▶ **EXERCISE DIRECTIONS**: Every line containing "noteq" should be copied out. Go through the entries and find them.

▶ **MATERIALS PROVIDED**:
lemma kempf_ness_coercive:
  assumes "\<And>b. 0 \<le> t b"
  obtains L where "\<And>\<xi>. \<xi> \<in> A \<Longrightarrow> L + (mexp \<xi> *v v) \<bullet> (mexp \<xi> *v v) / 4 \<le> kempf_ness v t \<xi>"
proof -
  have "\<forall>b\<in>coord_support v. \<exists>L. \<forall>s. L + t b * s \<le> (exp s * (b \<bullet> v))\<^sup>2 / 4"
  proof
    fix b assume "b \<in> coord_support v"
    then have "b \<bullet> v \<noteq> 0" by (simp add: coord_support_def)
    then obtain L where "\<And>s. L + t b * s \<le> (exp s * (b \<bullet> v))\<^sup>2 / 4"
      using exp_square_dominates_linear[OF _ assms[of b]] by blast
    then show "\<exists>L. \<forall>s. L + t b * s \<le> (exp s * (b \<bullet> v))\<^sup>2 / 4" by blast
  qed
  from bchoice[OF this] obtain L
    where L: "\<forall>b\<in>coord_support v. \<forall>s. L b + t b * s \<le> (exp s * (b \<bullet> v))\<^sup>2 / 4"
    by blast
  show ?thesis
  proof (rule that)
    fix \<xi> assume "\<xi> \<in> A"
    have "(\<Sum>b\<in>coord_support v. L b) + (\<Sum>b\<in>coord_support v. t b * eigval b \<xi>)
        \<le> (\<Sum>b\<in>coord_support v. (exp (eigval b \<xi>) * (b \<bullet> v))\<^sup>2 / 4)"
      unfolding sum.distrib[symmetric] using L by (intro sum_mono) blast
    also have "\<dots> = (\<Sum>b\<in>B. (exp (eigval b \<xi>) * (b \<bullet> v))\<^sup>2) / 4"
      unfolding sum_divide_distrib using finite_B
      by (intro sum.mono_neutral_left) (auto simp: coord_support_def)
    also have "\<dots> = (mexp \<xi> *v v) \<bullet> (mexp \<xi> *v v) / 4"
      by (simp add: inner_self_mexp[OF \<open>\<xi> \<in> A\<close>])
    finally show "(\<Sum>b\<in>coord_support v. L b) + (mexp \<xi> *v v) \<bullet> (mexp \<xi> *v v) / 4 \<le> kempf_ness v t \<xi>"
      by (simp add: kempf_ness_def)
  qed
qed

--

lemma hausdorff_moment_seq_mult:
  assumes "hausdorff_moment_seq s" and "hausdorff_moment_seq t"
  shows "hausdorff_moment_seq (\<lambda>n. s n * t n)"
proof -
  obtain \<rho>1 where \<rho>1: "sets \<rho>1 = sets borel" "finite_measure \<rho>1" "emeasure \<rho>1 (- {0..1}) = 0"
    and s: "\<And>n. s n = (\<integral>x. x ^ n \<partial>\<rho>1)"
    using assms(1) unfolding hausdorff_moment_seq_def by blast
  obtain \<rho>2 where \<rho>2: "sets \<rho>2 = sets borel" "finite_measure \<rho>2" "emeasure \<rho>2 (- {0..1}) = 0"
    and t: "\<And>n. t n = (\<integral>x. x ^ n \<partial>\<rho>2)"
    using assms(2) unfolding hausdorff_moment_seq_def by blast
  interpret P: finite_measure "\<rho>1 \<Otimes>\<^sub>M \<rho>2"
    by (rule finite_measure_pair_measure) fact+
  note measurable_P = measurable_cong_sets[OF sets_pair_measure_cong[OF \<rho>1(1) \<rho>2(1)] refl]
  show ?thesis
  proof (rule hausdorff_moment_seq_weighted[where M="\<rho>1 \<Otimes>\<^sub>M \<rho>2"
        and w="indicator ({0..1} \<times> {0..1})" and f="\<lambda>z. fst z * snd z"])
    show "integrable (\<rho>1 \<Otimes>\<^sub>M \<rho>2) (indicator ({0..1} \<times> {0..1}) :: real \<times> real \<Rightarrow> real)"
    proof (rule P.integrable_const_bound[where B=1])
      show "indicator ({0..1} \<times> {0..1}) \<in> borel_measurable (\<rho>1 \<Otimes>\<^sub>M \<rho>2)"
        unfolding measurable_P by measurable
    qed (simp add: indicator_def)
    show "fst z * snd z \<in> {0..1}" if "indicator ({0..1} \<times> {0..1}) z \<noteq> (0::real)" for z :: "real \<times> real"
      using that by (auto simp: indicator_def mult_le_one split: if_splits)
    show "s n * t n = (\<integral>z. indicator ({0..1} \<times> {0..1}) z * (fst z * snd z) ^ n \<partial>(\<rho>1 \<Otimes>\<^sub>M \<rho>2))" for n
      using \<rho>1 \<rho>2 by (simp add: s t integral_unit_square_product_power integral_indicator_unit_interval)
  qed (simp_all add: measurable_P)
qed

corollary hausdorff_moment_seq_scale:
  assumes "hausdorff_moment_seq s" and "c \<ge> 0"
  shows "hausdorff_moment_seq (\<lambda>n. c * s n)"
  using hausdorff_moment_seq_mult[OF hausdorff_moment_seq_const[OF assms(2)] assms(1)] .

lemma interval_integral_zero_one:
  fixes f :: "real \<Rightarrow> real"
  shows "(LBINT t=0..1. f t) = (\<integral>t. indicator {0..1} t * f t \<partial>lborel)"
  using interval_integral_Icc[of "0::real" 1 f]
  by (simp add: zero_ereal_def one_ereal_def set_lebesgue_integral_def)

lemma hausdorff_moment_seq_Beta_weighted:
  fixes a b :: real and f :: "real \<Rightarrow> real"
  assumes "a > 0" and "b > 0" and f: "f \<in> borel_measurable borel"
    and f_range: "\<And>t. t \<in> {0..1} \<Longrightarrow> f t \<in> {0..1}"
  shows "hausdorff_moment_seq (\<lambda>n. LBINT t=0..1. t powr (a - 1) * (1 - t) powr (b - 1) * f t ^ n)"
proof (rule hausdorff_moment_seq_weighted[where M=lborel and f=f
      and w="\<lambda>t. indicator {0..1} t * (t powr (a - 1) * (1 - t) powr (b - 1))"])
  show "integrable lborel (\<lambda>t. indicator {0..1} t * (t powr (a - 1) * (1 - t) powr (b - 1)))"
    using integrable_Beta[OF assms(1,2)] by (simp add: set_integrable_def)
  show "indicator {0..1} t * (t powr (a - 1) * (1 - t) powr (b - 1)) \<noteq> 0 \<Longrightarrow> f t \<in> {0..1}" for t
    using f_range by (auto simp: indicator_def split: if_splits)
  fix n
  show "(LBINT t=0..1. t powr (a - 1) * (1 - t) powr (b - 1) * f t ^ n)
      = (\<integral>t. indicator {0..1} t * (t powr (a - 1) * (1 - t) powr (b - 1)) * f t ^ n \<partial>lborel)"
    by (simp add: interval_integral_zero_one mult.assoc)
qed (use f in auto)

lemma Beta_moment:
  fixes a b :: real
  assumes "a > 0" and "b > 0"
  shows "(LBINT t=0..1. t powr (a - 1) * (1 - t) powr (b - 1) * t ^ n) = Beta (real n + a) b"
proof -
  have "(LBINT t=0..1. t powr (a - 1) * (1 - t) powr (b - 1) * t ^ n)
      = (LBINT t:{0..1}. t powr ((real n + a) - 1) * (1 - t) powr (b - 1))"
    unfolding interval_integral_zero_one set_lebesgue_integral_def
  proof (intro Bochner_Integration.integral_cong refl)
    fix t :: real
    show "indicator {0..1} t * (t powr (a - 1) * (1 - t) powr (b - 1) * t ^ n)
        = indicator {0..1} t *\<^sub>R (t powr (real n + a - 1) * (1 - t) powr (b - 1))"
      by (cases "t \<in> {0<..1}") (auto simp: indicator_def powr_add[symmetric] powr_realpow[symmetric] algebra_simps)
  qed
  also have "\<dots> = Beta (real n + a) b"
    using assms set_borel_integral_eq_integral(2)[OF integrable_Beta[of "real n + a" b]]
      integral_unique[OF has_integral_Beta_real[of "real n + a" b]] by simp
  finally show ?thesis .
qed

▶ **EXERCISE OUTPUT**:
    then have "b \<bullet> v \<noteq> 0" by (simp add: coord_support_def)
    show "fst z * snd z \<in> {0..1}" if "indicator ({0..1} \<times> {0..1}) z \<noteq> (0::real)" for z :: "real \<times> real"
  show "indicator {0..1} t * (t powr (a - 1) * (1 - t) powr (b - 1)) \<noteq> 0 \<Longrightarrow> f t \<in> {0..1}" for t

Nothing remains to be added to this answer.